Biascicò. “Tu perché hai sorriso in quel modo a
quelle tipe?” Chiese poi. Camus gli sorrise ammiccante.
“Beh, si gettano
degli ami, sai com’è…” Rispose poi, con
noncuranza. “…se uno vuol pescare…”
“Ma non eri fidanzato?” La domanda colse di sorpresa Camus, che guardò il ragazzo con la fronte aggrottata.
“Io? No davvero, sono libero come l’aria.” Affermò quindi.

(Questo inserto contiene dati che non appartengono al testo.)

lemma chords_nonempty_if_has_chord:
  assumes "distinct xs" "has_chord E xs"
  shows "chords E xs \<noteq> {}"
proof -
  define n where "n = length xs"
  obtain i j where ij: "i < n" "j < n" "i \<noteq> j" "j \<noteq> (i + 1) mod n" "i \<noteq> (j + 1) mod n"
    and e: "{xs ! i, xs ! j} \<in> E"
    using assms(2) unfolding has_chord_def n_def by blast
  have "{xs ! i, xs ! j} \<notin> cycle_edges xs"
  proof
    assume "{xs ! i, xs ! j} \<in> cycle_edges xs"
    then obtain l where l: "l < n" "{xs ! i, xs ! j} = {xs ! l, xs ! ((l + 1) mod n)}"
      unfolding cycle_edges_conv_nth n_def by blast
    have m: "(l + 1) mod n < n" using l(1) by simp
    have inj: "a = b" if "a < n" "b < n" "xs ! a = xs ! b" for a b
      using that assms(1) nth_eq_iff_index_eq unfolding n_def by blast
    consider "xs ! i = xs ! l" "xs ! j = xs ! ((l + 1) mod n)"
      | "xs ! i = xs ! ((l + 1) mod n)" "xs ! j = xs ! l"
      using l(2) by (auto simp: doubleton_eq_iff)
    then show False
    proof cases
      case 1
      then show False using inj[OF ij(1) l(1)] inj[OF ij(2) m] ij(4) by simp
    next
      case 2
      then show False using inj[OF ij(1) m] inj[OF ij(2) l(1)] ij(5) by simp
    qed
  qed
  moreover have "{xs ! i, xs ! j} \<subseteq> set xs" using ij(1,2) unfolding n_def by simp
  ultimately show ?thesis using e unfolding chords_def by blast
qed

“E Elettra?” Fece Milo, senza sapere cosa poteva causare quell’interrogativo.
Camus si fermò,
come colpito da qualcosa. Milo era dietro di lui e lo vide prendere un
lungo respiro, poi il cavaliere si voltò a capo basso e sedette
su un tronco.
“Non è la mia ragazza, Milo.” Dichiarò infine, senza guardarlo.
“Io credevo di sì, da come hai guardato la sua foto…” Replicò intimidito lui.
“È…
complicato.” Confessò Camus. “Lei aveva un
fidanzato, che è morto… ha molto sofferto per questo
e…” Tentò di spiegare.
“Ma sei innamorato di lei?”
Camus sollevò
di scatto il capo, con gli occhi spalancati. Era l’innocenza che
aveva involontariamente colpito dove faceva più male. Questo ragazzino è un chirurgo del dolore…
“Io…”
Provò Camus, ma poi cambiò discorso, abbassando di nuovo
il viso. “L’amore è un’illusione Milo. Passi
la vita a dirti che potrai amare solo lei, che è perfetta,
è quella che terrà insieme la tua vita, ma poi…
poi scopri che non è lo stesso per lei e allora puoi solo uscire
dal mondo dei sogni.”
Milo lo fissò
perplesso per qualche secondo, poi incrociò le braccia, fece una
smorfia un po’ sdegnata e scosse la testa.
“Senti, io non
mi sono mai innamorato, però…” Esordì con
tono goffamente saggio. “Se questo tizio è morto, non
capisco perché ti fai tutte queste paranoie.”
Camus scrollò le spalle sconsolato. “È complicato, te l’ho detto!” Commentò arreso.
“Cosa
c’è di complicato? Tu sei vivo, lei è viva,
l’altro è morto.” Ribatté pratico il ragazzo.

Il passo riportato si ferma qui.